# chicken + pasta + ???



## cantcatchme92 (Jun 2, 2011)

what can i put in with chicken and pasta, mayo has bored me to death im sick of it..

what else ? cud i chuck in to give it some colour


----------



## kingdale (Nov 2, 2010)

ive started pouring sweet chilli sauce on most of my meals as im sick of same things over and over again


----------



## 2004mark (Oct 26, 2013)

pesto... a few spoons of veg soup (co-op do a nice spicy bean soup at about 60p a can, does for a few meals).. nandos sauce


----------



## m575 (Apr 4, 2010)

more chicken :lol:


----------



## Chelsea (Sep 19, 2009)

kingdale said:


> ive started pouring sweet chilli sauce on most of my meals as im sick of same things over and over again


Mate i did this for a good few months maybe more and couldnt touch the stuff for ages because i just over endulged on it. Only just starting to be able to eat it again!


----------



## kingdale (Nov 2, 2010)

Chelsea said:


> Mate i did this for a good few months maybe more and couldnt touch the stuff for ages because i just over endulged on it. Only just starting to be able to eat it again!


yeah i reckon the exact same thing is going to happen to me


----------



## lloydy1927 (Jun 21, 2010)

nandos hot peri sauce


----------



## Beats (Jun 9, 2011)

2004mark said:


> pesto... a few spoons of veg soup (co-op do a nice spicy bean soup at about 60p a can, does for a few meals).. nandos sauce


Ive had that spicy bean soup its real good!! didnt think of adding to pasta though surely that will have alot of sweetners or sugars in it = carbs?


----------



## Asouf (Jul 10, 2010)

Roast the chicken with a touch of garlic salt Or boil the pasta with raw garlic clove in the water and mash to a pulp afterwards and mix in.

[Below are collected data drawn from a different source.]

(* Let $ABC$ be a triangle with circumcenter $O$, nine-point center $N$ and orthocenter $H$. Let $A^*, B^*, C^*$ be the feet of the perpendiculars from $O$ to the lines $AH, BH, CH$ respectively. Then the Steiner line of $O$ with respect to triangle $A^*B^*C^*$ is the Euler line of triangle $A^*B^*C^*$.
   Context: $O$ lies on the circumcircle of $A^*B^*C^*$ (the circle with diameter $OH$). For a point $X$ on the circumcircle of a triangle, the reflections of $X$ over the three sidelines are collinear; the line containing them is the Steiner line of $X$ with respect to the triangle. *)

theory Defs
  imports "HOL-Analysis.Analysis"
begin

type_synonym point = "real ^ 2"

definition circumcenter :: "point \<Rightarrow> point \<Rightarrow> point \<Rightarrow> point" where
  "circumcenter A B C = (THE Q. dist Q A = dist Q B \<and> dist Q B = dist Q C)"

definition orthocenter :: "point \<Rightarrow> point \<Rightarrow> point \<Rightarrow> point" where
  "orthocenter A B C = (THE H. (H - A) \<bullet> (B - C) = 0 \<and> (H - B) \<bullet> (C - A) = 0 \<and> (H - C) \<bullet> (A - B) = 0)"

definition foot :: "point \<Rightarrow> point \<Rightarrow> point \<Rightarrow> point" where
  "foot P X Y = (THE F. F \<in> affine hull {X, Y} \<and> (P - F) \<bullet> (Y - X) = 0)"

definition reflect_line :: "point \<Rightarrow> point \<Rightarrow> point \<Rightarrow> point" where
  "reflect_line P X Y = 2 *\<^sub>R foot P X Y - P"

definition steiner_line :: "point \<Rightarrow> point \<Rightarrow> point \<Rightarrow> point \<Rightarrow> point set" where
  "steiner_line P A B C = affine hull {reflect_line P B C, reflect_line P C A, reflect_line P A B}"

definition euler_line :: "point \<Rightarrow> point \<Rightarrow> point \<Rightarrow> point set" where
  "euler_line A B C = affine hull {circumcenter A B C, orthocenter A B C}"

end

theory Submission
  imports Defs
begin

text \<open>Put the circumcentre O at the origin of the complex plane and A, B, C at a, b, c on the
  circle |z|^2 = R, so that H = a + b + c. The altitude through A meets the circle again at
  -bc/a, hence A* is the midpoint (a - bc/a)/2 of that chord, and similarly for B*, C*.
  Each of A*, B*, C* lies at distance |ab + bc + ca| / (2|a|) from (a + b + c)/2, so the
  nine-point centre of ABC is the circumcentre of A*B*C*, and Sylvester's relation gives the
  orthocentre A* + B* + C* - (a + b + c). The foot of O on B*C* is B* C* / (a + b + c), product
  of complex numbers, and a direct computation puts twice this point, the reflection of O in
  B*C*, on the line through these two centres.\<close>

section \<open>Complex coordinates\<close>

definition complex_of :: "point \<Rightarrow> complex" where
  "complex_of x = Complex (x$1) (x$2)"
(* Let $\phi=(1+\sqrt5)/2$, $R_0=(18-\sqrt5)/11$, $\alpha=R_0-1=2/(\phi+3)$, $\beta=\alpha/2=1/(\phi+3)$ and $\rho=\beta/\phi=(\phi-1)/(\phi+3)$. Let $P^A,P^B,S^A,S^B,Q$ be pairwise disjoint infinite sets of positive integers, each with a fixed enumeration, and for real $x\ge 0$ let $P^c_x$, $S^c_x$, $Q_x$ denote the first $\lfloor x\rfloor$ elements of $P^c$, $S^c$, $Q$ respectively. For $c\in\{A,B\}$, with $c'$ the other element of $\{A,B\}$, and integers $0<k\le t$, define $$F^c_{t,k}=P^c_{\alpha t+4}\cup\big(S^c_{\beta\min(t,\phi k)}\setminus S^c_{\beta(t-k)}\big)\cup\big(S^{c'}_{\beta k}\setminus S^{c'}_{\phi\beta(t-k)}\big)\cup\big(Q_{\rho\min(t,\phi k)}\setminus Q_{\phi\rho(t-k)}\big).$$ Then $\{F^c_{t,k}\}$ is an F-system, and for every positive integer $t$, $\left|\bigcup_{c\in\{A,B\}}\bigcup_{0<\kappa\le\tau\le t}F^c_{\tau,\kappa}\right|\le R_0 t+8$; in particular it is an $R_0$-competitive F-system.
   Context: F-system: a family $\mathcal F=\{F^c_{t,k}\}$ of sets of positive integers, indexed by $c\in\{A,B\}$ and integers $0<k\le t$, such that (F1) $|F^c_{t,k}|\ge k$ for all $c,t,k$; and (F2) $F^A_{t,k}\cap F^B_{t',k'}=\emptyset$ for all $k\le t$, $k'\le t'$ with $k+k'\le\max(t,t')$. An F-system is $R$-competitive if there is a constant $\lambda$ (independent of $t$) such that for every positive integer $t$, $\left|\bigcup_{c\in\{A,B\}}\bigcup_{0<\kappa\le\tau\le t}F^c_{\tau,\kappa}\right|\le Rt+\lambda$. *)

theory Defs
  imports Complex_Main
begin

datatype color = A | B

fun other :: "color \<Rightarrow> color" where
  "other A = B" | "other B = A"

text \<open>F-system: a family F c t k (meaningful for integers 0 < k \<le> t).
  The cardinality condition (F1) is read with |X| = infinity for infinite X.\<close>
definition F_system :: "(color \<Rightarrow> nat \<Rightarrow> nat \<Rightarrow> nat set) \<Rightarrow> bool" where
  "F_system F \<longleftrightarrow>
     (\<forall>c t k. 0 < k \<and> k \<le> t \<longrightarrow> (infinite (F c t k) \<or> k \<le> card (F c t k))) \<and>
     (\<forall>t k t' k'. 0 < k \<and> k \<le> t \<and> 0 < k' \<and> k' \<le> t' \<and> k + k' \<le> max t t'
        \<longrightarrow> F A t k \<inter> F B t' k' = {})"

definition F_union :: "(color \<Rightarrow> nat \<Rightarrow> nat \<Rightarrow> nat set) \<Rightarrow> nat \<Rightarrow> nat set" where
  "F_union F t = (\<Union>c. \<Union>\<tau>\<in>{1..t}. \<Union>\<kappa>\<in>{1..\<tau>}. F c \<tau> \<kappa>)"

definition competitive :: "real \<Rightarrow> (color \<Rightarrow> nat \<Rightarrow> nat \<Rightarrow> nat set) \<Rightarrow> bool" where
  "competitive R F \<longleftrightarrow> F_system F \<and>
     (\<exists>lam::real. \<forall>t::nat. 0 < t \<longrightarrow>
        finite (F_union F t) \<and> real (card (F_union F t)) \<le> R * real t + lam)"

definition phi :: real where "phi = (1 + sqrt 5) / 2"
definition R0 :: real where "R0 = (18 - sqrt 5) / 11"
definition alpha :: real where "alpha = R0 - 1"
definition beta :: real where "beta = alpha / 2"
definition rho :: real where "rho = beta / phi"

definition firstn :: "(nat \<Rightarrow> nat) \<Rightarrow> real \<Rightarrow> nat set" where
  "firstn e x = e ` {..< nat \<lfloor>x\<rfloor>}"

definition enums_ok :: "(color \<Rightarrow> nat \<Rightarrow> nat) \<Rightarrow> (color \<Rightarrow> nat \<Rightarrow> nat) \<Rightarrow> (nat \<Rightarrow> nat) \<Rightarrow> bool" where
  "enums_ok P S q \<longleftrightarrow>
     inj (P A) \<and> inj (P B) \<and> inj (S A) \<and> inj (S B) \<and> inj q \<and>
     (\<forall>n. 0 < P A n \<and> 0 < P B n \<and> 0 < S A n \<and> 0 < S B n \<and> 0 < q n) \<and>
     range (P A) \<inter> range (P B) = {} \<and> range (P A) \<inter> range (S A) = {} \<and>
     range (P A) \<inter> range (S B) = {} \<and> range (P A) \<inter> range q = {} \<and>
     range (P B) \<inter> range (S A) = {} \<and> range (P B) \<inter> range (S B) = {} \<and>
     range (P B) \<inter> range q = {} \<and> range (S A) \<inter> range (S B) = {} \<and>
     range (S A) \<inter> range q = {} \<and> range (S B) \<inter> range q = {}"

definition Fcons :: "(color \<Rightarrow> nat \<Rightarrow> nat) \<Rightarrow> (color \<Rightarrow> nat \<Rightarrow> nat) \<Rightarrow> (nat \<Rightarrow> nat)
    \<Rightarrow> color \<Rightarrow> nat \<Rightarrow> nat \<Rightarrow> nat set" where
  "Fcons P S q c t k =
     firstn (P c) (alpha * real t + 4)
     \<union> (firstn (S c) (beta * min (real t) (phi * real k)) - firstn (S c) (beta * (real t - real k)))
     \<union> (firstn (S (other c)) (beta * real k) - firstn (S (other c)) (phi * beta * (real t - real k)))
     \<union> (firstn q (rho * min (real t) (phi * real k)) - firstn q (phi * rho * (real t - real k)))"

end

theory Submission imports Defs begin

(* Write F^c_{t,k} as P^c_{alpha t+4} together with three "bands" -- index
   intervals [lo, hi) of the enumerations S^c, S^{c'} and Q.
   (F1) The four pieces come from pairwise disjoint sets, and each band of
        length L contributes at least max 0 L - 1 elements; the real inequality
        mass_lower_bound (a case split on t <= phi k and t <= 2k, using
        phi^2 = phi + 1 and beta (phi + 3) = 1) shows that the total mass is at
        least k + 4, which absorbs the four rounding losses.
   (F2) If k + k' <= max t t', say k <= t' - k', then every band of F^A_{t,k}
        ends before the band of F^B_{t',k'} in the same enumeration begins;
        the P-parts and different enumerations are disjoint by hypothesis.
   Competitiveness: all sets F^c_{tau,kappa} with tau <= t lie inside
        P^A_{alpha t+4}, P^B_{alpha t+4}, S^A_{beta t}, S^B_{beta t}, Q_{rho t},
        of total size at most (2 alpha + 2 beta + rho) t + 8 = R0 t + 8. *)

lemma sqrt5_bounds: "2 < sqrt (5::real)" "sqrt (5::real) < 3"
  by (simp_all add: real_less_rsqrt real_sqrt_less_iff real_less_lsqrt)

lemma phi_gt_1: "1 < phi"
  unfolding phi_def using sqrt5_bounds by simp

lemma phi_square: "phi^2 = phi + 1"
  unfolding phi_def power2_eq_square by (simp add: algebra_simps)

lemma beta_closed_form: "beta = (7 - sqrt 5) / 22"
  unfolding beta_def alpha_def R0_def by simp

lemma beta_pos: "0 < beta"
  unfolding beta_closed_form using sqrt5_bounds by simp

lemma alpha_eq: "alpha = 2 * beta"
  unfolding beta_def by simp

lemma alpha_pos: "0 < alpha"
  using alpha_eq beta_pos by simp

lemma beta_phi: "beta * (phi + 3) = 1"
  unfolding beta_closed_form phi_def by (simp add: algebra_simps)

lemma rho_phi: "rho * phi = beta"
  unfolding rho_def using phi_gt_1 by simp

lemma rho_pos: "0 < rho"
  unfolding rho_def using beta_pos phi_gt_1 by simp

text \<open>rho = (phi - 1)/(phi + 3), a consequence of phi^2 = phi + 1.\<close>
lemma rho_eq: "rho = beta * (phi - 1)"
proof -
  have "rho * phi = beta * (phi - 1) * phi"
    using rho_phi phi_square by (simp add: algebra_simps power2_eq_square)
  then show ?thesis using phi_gt_1 by simp
qed

text \<open>The growth rate R0 is exactly the sum of the rates of the five enumerations used.\<close>
lemma R0_budget: "R0 = 2 * alpha + 2 * beta + rho"
proof -
  have "2 * alpha + rho = 1"
    using beta_phi rho_eq alpha_eq by (simp add: algebra_simps)
  then show ?thesis using alpha_eq unfolding alpha_def by simp
qed

text \<open>The heart of (F1): the real lengths of the four pieces of F^c_{t,k} add
  up to at least k.  Negative band lengths count as zero.\<close>
lemma mass_lower_bound:
  fixes k t :: real
  assumes "0 < k" and "k \<le> t"
  shows "k \<le> alpha * t + max 0 (beta * min t (phi * k) - beta * (t - k))
      + max 0 (beta * k - phi * beta * (t - k))
      + max 0 (rho * min t (phi * k) - phi * rho * (t - k))"
proof (cases "t \<le> phi * k")
  case True
  have "alpha * t + (beta * t - beta * (t - k)) + (beta * k - phi * beta * (t - k))
      + (rho * t - phi * rho * (t - k)) = k"
    using phi_square beta_phi alpha_eq rho_eq unfolding power2_eq_square by algebra
  moreover have "min t (phi * k) = t" using True by simp
  ultimately show ?thesis by linarith
next
  case False
  then have min: "min t (phi * k) = phi * k" by simp
  show ?thesis
  proof (cases "t \<le> 2 * k")
    case True
    have "alpha * t + (beta * (phi * k) - beta * (t - k)) + (rho * (phi * k) - phi * rho * (t - k)) = k"
      using beta_phi alpha_eq rho_phi by algebra
    then show ?thesis unfolding min by linarith
  next
    case False
    have "alpha * t + (beta * (phi * k) - beta * (t - k)) = k + beta * (t - 2 * k)"
      using beta_phi alpha_eq by algebra
    moreover have "0 \<le> beta * (t - 2 * k)" using False beta_pos by simp
    ultimately show ?thesis unfolding min by linarith
  qed
qed

text \<open>A band of F^A_{t,k} ends before the matching band of F^B_{t',k'} starts as soon as k \<le> s = t' - k'
  (for any nonnegative rate c); this is the separation behind (F2).\<close>
lemma band_end_below:
  fixes c k s t :: real
  assumes "0 \<le> c" and "k \<le> s"
  shows "c * min t (phi * k) \<le> phi * c * s" and "c * k \<le> c * s"
proof -
  have "min t (phi * k) \<le> phi * s"
    using assms(2) phi_gt_1 by (simp add: min.coboundedI2)
  then have "c * min t (phi * k) \<le> c * (phi * s)" by (rule mult_left_mono[OF _ assms(1)])
  then show "c * min t (phi * k) \<le> phi * c * s" by (simp add: algebra_simps)
  show "c * k \<le> c * s" using assms by (simp add: mult_left_mono)
qed

definition band :: "(nat \<Rightarrow> nat) \<Rightarrow> real \<Rightarrow> real \<Rightarrow> nat set" where
  "band e lo hi = firstn e hi - firstn e lo"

Then once all mixed together.. add a blob of dijon mustard and EVOO (english mustard if your brave)

Quite nice with wholegrain mustard as well.

Or simply dice up a load of cucumber and mixed peppers and add a dash of EVOO,lemon juice and teaspoon of cider vinegar for a zingy dressing..


----------



## 2004mark (Oct 26, 2013)

Dizzee! said:


> Ive had that spicy bean soup its real good!! didnt think of adding to pasta though surely that will have alot of sweetners or sugars in it = carbs?


...bothered? 

No seriously, it's only a third of a small can per meal... plus I'm (constantly) bulking.

I've also made homemade tomato and chili salsa before that was nice... suppose you could do a bean salsa/soup too if you were worried.


----------



## Glassback (Jun 18, 2010)

Try some peppers/grapes sliced up or cucumber?


----------



## Sionnach (Apr 19, 2010)

organic chipotle sauce, seasame oil!


----------



## Guest (Jun 15, 2011)

carbonara sauce goes great with everything not just carbonara. i use this when im bored of mayo.


----------